Work to complete -
How many lines in the records below contain the word "triangle"? Give only the number.
====== Information supplied
(* If every point of \<Gamma> is quasi-periodic, fix s0 > 0 and a finite set F of coordinates such that
   agreement on F forces distance < s0, and s > 0 such that distance < s forces agreement on F.
   The orbits of the points of F are eventually periodic with a common period p, so whether
   the i-th iterates of x and y agree on F is eventually p-periodic in i.  Either they eventually
   always agree, and then F_xy(s0) = 1, or they disagree along an arithmetic progression, and then
   F*_xy(s) \<le> 1 - 1/(2p).  So there is no distributionally scrambled pair, not even of type 2.

   If \<theta> is not quasi-periodic, its orbit is injective.  Cut \<nat> into the factorial blocks
   [k!, (k+1)!) and code a set Z of naturals by the point that is b at \<phi>^m(\<theta>) when m lies in an
   odd block whose tag is in Z, and a everywhere else; every tag labels infinitely many odd blocks.
   A block is much longer than everything before it.  Two different codes disagree at \<theta> on
   infinitely many whole blocks, whence F_xy(\<epsilon>) = 0 for an \<epsilon> separating the coordinate \<theta>; and
   on any finite set of coordinates both codes vanish on almost all of every late even block,
   whence F*_xy(s) = 1 for all s > 0.  The codes form an uncountable set witnessing uniform
   distributional chaos, which implies all the other notions. *)

section \<open>Compatible metrics on X^\<Gamma>\<close>

lemma compatible_metric_limitin_iff:
  fixes d :: "('g \<Rightarrow> 'x) \<Rightarrow> ('g \<Rightarrow> 'x) \<Rightarrow> real"
  assumes "compatible_metric d"
  shows "limitin (Metric_space.mtopology UNIV d) f l sequentially
    \<longleftrightarrow> (\<forall>\<gamma>. \<forall>\<^sub>F n in sequentially. f n \<gamma> = l \<gamma>)"
proof -
  have discrete: "limitin (discrete_topology UNIV) g c sequentially \<longleftrightarrow> (\<forall>\<^sub>F n in sequentially. g n = c)"
    for g :: "nat \<Rightarrow> 'x" and c
    unfolding limitin_def by (auto elim!: eventually_mono)
  have "Metric_space.mtopology UNIV d = product_topology (\<lambda>_. discrete_topology UNIV) UNIV"
    using assms unfolding compatible_metric_def by blast
  then show ?thesis
    by (simp add: limitin_componentwise discrete)
qed

lemma compatible_metric_seq_compact:
  fixes d :: "('g \<Rightarrow> 'x::finite) \<Rightarrow> ('g \<Rightarrow> 'x) \<Rightarrow> real"
    and \<sigma> :: "nat \<Rightarrow> 'g \<Rightarrow> 'x"
  assumes "compatible_metric d"
  shows "\<exists>l r. strict_mono r \<and> limitin (Metric_space.mtopology UNIV d) (\<sigma> \<circ> r) l sequentially"
proof -
  interpret Metric_space UNIV d
    using assms unfolding compatible_metric_def by blast
  have "compact_space mtopology"
    using assms unfolding compatible_metric_def
    by (simp add: compact_space_product_topology compact_space_discrete_topology)
  then show ?thesis
    unfolding compact_space_sequentially by (meson subset_UNIV)
qed

lemma compatible_metric_agree_if_close:
  fixes d :: "('g \<Rightarrow> 'x::finite) \<Rightarrow> ('g \<Rightarrow> 'x) \<Rightarrow> real"
  assumes cm: "compatible_metric d" and F: "finite F"
  shows "\<exists>s>0. \<forall>z w. d z w < s \<longrightarrow> (\<forall>\<gamma>\<in>F. z \<gamma> = w \<gamma>)"
proof (rule ccontr)
  interpret Metric_space UNIV d
    using cm unfolding compatible_metric_def by blast
  assume "\<not> ?thesis"
  moreover have "0 < inverse (real (Suc n))" for n
    by simp
  ultimately have "\<forall>n. \<exists>z w. d z w < inverse (Suc n) \<and> (\<exists>\<gamma>\<in>F. z \<gamma> \<noteq> w \<gamma>)"
    by blast
  then obtain Z W where close: "\<And>n. d (Z n) (W n) < inverse (Suc n)"
    and apart: "\<And>n. \<exists>\<gamma>\<in>F. Z n \<gamma> \<noteq> W n \<gamma>"
    by metis
  obtain l r where r: "strict_mono r" and Z: "limitin mtopology (Z \<circ> r) l sequentially"
    using compatible_metric_seq_compact[OF cm] by blast
  have "(\<lambda>n. inverse (Suc (r n))) \<longlonglongrightarrow> 0"
    using LIMSEQ_subseq_LIMSEQ[OF LIMSEQ_inverse_real_of_nat r] by (simp add: comp_def)
  moreover have "(\<lambda>n. d (Z (r n)) l) \<longlonglongrightarrow> 0"
    using Z by (simp add: limitin_metric_dist_null comp_def)
  ultimately have lim: "(\<lambda>n. inverse (Suc (r n)) + d (Z (r n)) l) \<longlonglongrightarrow> 0"
    by (rule tendsto_add_zero)
  have bound: "d (W (r n)) l \<le> inverse (Suc (r n)) + d (Z (r n)) l" for n
    using triangle[OF UNIV_I UNIV_I UNIV_I, where x="W (r n)" and y="Z (r n)" and z=l] close[of "r n"]
      commute[of "W (r n)" "Z (r n)"] by linarith
  have "(\<lambda>n. d (W (r n)) l) \<longlonglongrightarrow> 0"
    by (intro real_tendsto_sandwich[OF _ _ tendsto_const lim] always_eventually allI bound nonneg)
  then have "limitin mtopology (W \<circ> r) l sequentially"
    by (simp add: limitin_metric_dist_null comp_def)
  then have "\<forall>\<gamma>\<in>F. \<forall>\<^sub>F n in sequentially. Z (r n) \<gamma> = l \<gamma> \<and> W (r n) \<gamma> = l \<gamma>"
    using Z by (simp add: compatible_metric_limitin_iff[OF cm] eventually_conj_iff)
  then have "\<forall>\<^sub>F n in sequentially. \<forall>\<gamma>\<in>F. Z (r n) \<gamma> = W (r n) \<gamma>"
    by (rule eventually_mono[OF eventually_ball_finite[OF F]]) simp
  then obtain n where "\<forall>\<gamma>\<in>F. Z (r n) \<gamma> = W (r n) \<gamma>"
    using eventually_happens'[OF sequentially_bot] by blast
  with apart show False
    by blast
qed

lemma compatible_metric_close_if_agree:
  fixes d :: "('g::countable \<Rightarrow> 'x::finite) \<Rightarrow> ('g \<Rightarrow> 'x) \<Rightarrow> real"
  assumes cm: "compatible_metric d" and s: "s > 0"
  shows "\<exists>F. finite F \<and> (\<forall>z w. (\<forall>\<gamma>\<in>F. z \<gamma> = w \<gamma>) \<longrightarrow> d z w < s)"
proof (rule ccontr)
  interpret Metric_space UNIV d
    using cm unfolding compatible_metric_def by blast
  assume "\<not> ?thesis"
  moreover have "finite (to_nat -` {..<n} :: 'g set)" for n
    by (simp add: finite_vimageI)
  ultimately have "\<forall>n. \<exists>z w. (\<forall>\<gamma>\<in>to_nat -` {..<n}. z \<gamma> = w \<gamma>) \<and> s \<le> d z w"
    by (meson not_less)
  then obtain Z W where agree: "\<And>n. \<forall>\<gamma>\<in>to_nat -` {..<n}. Z n \<gamma> = W n \<gamma>"
    and far: "\<And>n. s \<le> d (Z n) (W n)"
    by metis
  obtain l r where r: "strict_mono r" and Z: "limitin mtopology (Z \<circ> r) l sequentially"
    using compatible_metric_seq_compact[OF cm] by blast
  have "\<forall>\<^sub>F n in sequentially. W (r n) \<gamma> = l \<gamma>" for \<gamma>
  proof -
    have "\<forall>\<^sub>F n in sequentially. to_nat \<gamma> < r n"
      using eventually_gt_at_top[of "to_nat \<gamma>"]
      by (rule eventually_mono) (meson seq_suble[OF r] less_le_trans)
    moreover have "\<forall>\<^sub>F n in sequentially. Z (r n) \<gamma> = l \<gamma>"
      using Z by (simp add: compatible_metric_limitin_iff[OF cm])
    ultimately show ?thesis
      by eventually_elim (simp add: agree)
  qed
  then have W: "limitin mtopology (W \<circ> r) l sequentially"
    by (simp add: compatible_metric_limitin_iff[OF cm])
  have "(\<lambda>n. d (Z (r n)) l + d (W (r n)) l) \<longlonglongrightarrow> 0"
    using Z W by (auto simp: limitin_metric_dist_null comp_def intro: tendsto_add_zero)
  then have "\<forall>\<^sub>F n in sequentially. d (Z (r n)) l + d (W (r n)) l < s"
    using s by (simp add: order_tendstoD(2))
  then obtain n where "d (Z (r n)) l + d (W (r n)) l < s"
    using eventually_happens'[OF sequentially_bot] by blast
  then show False
    using far[of "r n"] triangle[of "Z (r n)" l "W (r n)"] commute[of l "W (r n)"] by simp
qed

section \<open>Orbits\<close>

lemma funpow_gshift: "gshift \<phi> ^^ i = gshift (\<phi> ^^ i)"
  by (induction i) (simp_all add: gshift_def fun_eq_iff funpow_swap1[symmetric])

lemma gshift_funpow_apply: "(gshift \<phi> ^^ i) x \<gamma> = x ((\<phi> ^^ i) \<gamma>)"
  by (simp add: funpow_gshift gshift_def)

lemma periodic_from_add_mult:
  fixes g :: "nat \<Rightarrow> 'a"
  assumes "\<And>i. a \<le> i \<Longrightarrow> g (i + q) = g i" and "a \<le> i"
  shows "g (i + k * q) = g i"
proof (induction k)
  case (Suc k)
  have "g (i + Suc k * q) = g ((i + k * q) + q)"
    by (simp add: algebra_simps)
  also have "\<dots> = g (i + k * q)"
    using assms by simp
  finally show ?case
    using Suc by simp
qed simp

lemma funpow_periodic_from_repeat:
  fixes \<phi> :: "'a \<Rightarrow> 'a"
  assumes "(\<phi> ^^ n) \<gamma> = (\<phi> ^^ m) \<gamma>" and "n \<le> m" and "n \<le> i"
  shows "(\<phi> ^^ (i + (m - n))) \<gamma> = (\<phi> ^^ i) \<gamma>"
proof -
  have "(\<phi> ^^ (i + (m - n))) \<gamma> = (\<phi> ^^ ((i - n) + m)) \<gamma>"
    using assms(2,3) by simp
  also have "\<dots> = (\<phi> ^^ (i - n)) ((\<phi> ^^ n) \<gamma>)"
    by (simp only: funpow_add comp_apply assms(1))
  also have "\<dots> = (\<phi> ^^ ((i - n) + n)) \<gamma>"
    by (simp only: funpow_add comp_apply)
  also have "\<dots> = (\<phi> ^^ i) \<gamma>"
    using assms(3) by simp
  finally show ?thesis .
qed

lemma not_inj_orbit_repeats:
  assumes "\<not> inj (\<lambda>n. (\<phi> ^^ n) \<theta>)"
  shows "\<exists>n m. n < m \<and> (\<phi> ^^ n) \<theta> = (\<phi> ^^ m) \<theta>"
proof -
  obtain n m where "n \<noteq> m" and eq: "(\<phi> ^^ n) \<theta> = (\<phi> ^^ m) \<theta>"
    using assms unfolding inj_def by blast
  then consider "n < m" | "m < n"
    by linarith
  then show ?thesis
  proof cases
    case 1
    with eq show ?thesis by blast
  next
    case 2
    with eq[symmetric] show ?thesis by blast
  qed
qed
============
Written reply -
2